[What is being asked]
Return every line from the one with "show ?thesis using assms" through the one with "by (metis norm_one norm_triangle_ineq3)", inclusive, exactly as it appears below.

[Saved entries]
____________________
lemma AR_Dset_pos:
  assumes "\<zeta> \<in> AR c" "x \<in> Dset \<zeta>"
  shows "0 < x"
proof -
  obtain i where "x = norm (\<zeta> $ i) \<or> x = Re (\<zeta> $ i)" using assms(2) by (auto simp: Dset_def)
  then show ?thesis using AR_Re_pos[OF assms(1), of i] complex_Re_le_cmod[of "\<zeta> $ i"] by auto
qed

lemma AR_le_mult:
  assumes "\<zeta> \<in> AR c" "x \<in> Dset \<zeta>" "y \<in> Dset \<zeta>"
  shows "x \<le> c * y"
proof -
  have "x / y \<le> c" using assms by (simp add: AR_def)
  then show ?thesis using AR_Dset_pos[OF assms(1,3)] by (simp add: divide_le_eq)
qed

lemma AR_scaleR:
  assumes "\<zeta> \<in> AR c" "0 < x"
  shows "x *\<^sub>R \<zeta> \<in> AR c"
proof -
  have D: "Dset (x *\<^sub>R \<zeta>) = (\<lambda>v. x * v) ` Dset \<zeta>"
    using assms(2) by (auto simp: Dset_def image_iff)
  show ?thesis using assms by (auto simp: AR_def D)
qed

lemma ball_unit_pt_subset_AR:
  assumes "1 < c"
  shows "ball unit_pt ((c - 1) / (c + 1)) \<subseteq> AR c"
proof
  fix \<zeta> :: "complex ^ 'd" assume "\<zeta> \<in> ball unit_pt ((c - 1) / (c + 1))"
  then have near: "norm (\<zeta> $ i - 1) < (c - 1) / (c + 1)" for i
    using Finite_Cartesian_Product.norm_nth_le[of "\<zeta> - unit_pt" i] by (simp add: unit_pt_def dist_norm norm_minus_commute)
  have D: "2 / (c + 1) < x \<and> x < 2 * c / (c + 1)" if x: "x \<in> Dset \<zeta>" for x
  proof -
    obtain i where "x = norm (\<zeta> $ i) \<or> x = Re (\<zeta> $ i)" using x by (auto simp: Dset_def)
    moreover have "\<bar>norm (\<zeta> $ i) - 1\<bar> \<le> norm (\<zeta> $ i - 1)"
      by (metis norm_one norm_triangle_ineq3)
    moreover have "\<bar>Re (\<zeta> $ i) - 1\<bar> \<le> norm (\<zeta> $ i - 1)"
      by (metis abs_Re_le_cmod minus_complex.simps(1) one_complex.simps(1))
    moreover have "1 - (c - 1) / (c + 1) = 2 / (c + 1)" "1 + (c - 1) / (c + 1) = 2 * c / (c + 1)"
      using assms by (auto simp: field_simps)
    ultimately show ?thesis using near[of i] by auto
  qed
  have pos: "0 < x" if "x \<in> Dset \<zeta>" for x
    using D[OF that] assms by (smt (verit) divide_pos_pos)
  have le: "x \<le> c * y" if "x \<in> Dset \<zeta>" "y \<in> Dset \<zeta>" for x y
  proof -
    have "2 * c / (c + 1) = c * (2 / (c + 1))" by simp
    then show ?thesis using D[OF that(1)] D[OF that(2)] assms by (smt (verit) mult_less_cancel_left_pos)
  qed
  have "1 / c \<le> x / y \<and> x / y \<le> c" if "x \<in> Dset \<zeta>" "y \<in> Dset \<zeta>" for x y
    using le[OF that] le[OF that(2,1)] pos[OF that(1)] pos[OF that(2)] assms
    by (simp add: divide_le_eq le_divide_eq field_simps)
  moreover have "0 < Re (\<zeta> $ i)" for i by (rule pos) (auto simp: Dset_def)
  ultimately show "\<zeta> \<in> AR c" by (simp add: AR_def)
qed

lemma filterlim_ray_AR:
  assumes "\<eta> \<in> AR c"
  shows "filterlim (\<lambda>t. t *\<^sub>R \<eta>) (at 0 within AR c) (at_right (0::real))"
proof (rule filterlim_at_withinI)
  have "((\<lambda>t. t *\<^sub>R \<eta>) \<longlongrightarrow> 0 *\<^sub>R \<eta>) (at_right (0::real))"
    by (intro tendsto_intros)
  then show "((\<lambda>t. t *\<^sub>R \<eta>) \<longlongrightarrow> 0) (at_right (0::real))" by simp
  have "\<eta> \<noteq> 0" using AR_Re_pos[OF assms, of undefined] by auto
  then show "eventually (\<lambda>t. t *\<^sub>R \<eta> \<in> AR c - {0}) (at_right 0)"
    unfolding eventually_at_right_field by (intro exI[of _ 1]) (auto intro: AR_scaleR[OF assms])
qed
____________________
[Answer]
  show ?thesis using assms by (auto simp: AR_def D)
qed

lemma ball_unit_pt_subset_AR:
  assumes "1 < c"
  shows "ball unit_pt ((c - 1) / (c + 1)) \<subseteq> AR c"
proof
  fix \<zeta> :: "complex ^ 'd" assume "\<zeta> \<in> ball unit_pt ((c - 1) / (c + 1))"
  then have near: "norm (\<zeta> $ i - 1) < (c - 1) / (c + 1)" for i
    using Finite_Cartesian_Product.norm_nth_le[of "\<zeta> - unit_pt" i] by (simp add: unit_pt_def dist_norm norm_minus_commute)
  have D: "2 / (c + 1) < x \<and> x < 2 * c / (c + 1)" if x: "x \<in> Dset \<zeta>" for x
  proof -
    obtain i where "x = norm (\<zeta> $ i) \<or> x = Re (\<zeta> $ i)" using x by (auto simp: Dset_def)
    moreover have "\<bar>norm (\<zeta> $ i) - 1\<bar> \<le> norm (\<zeta> $ i - 1)"
      by (metis norm_one norm_triangle_ineq3)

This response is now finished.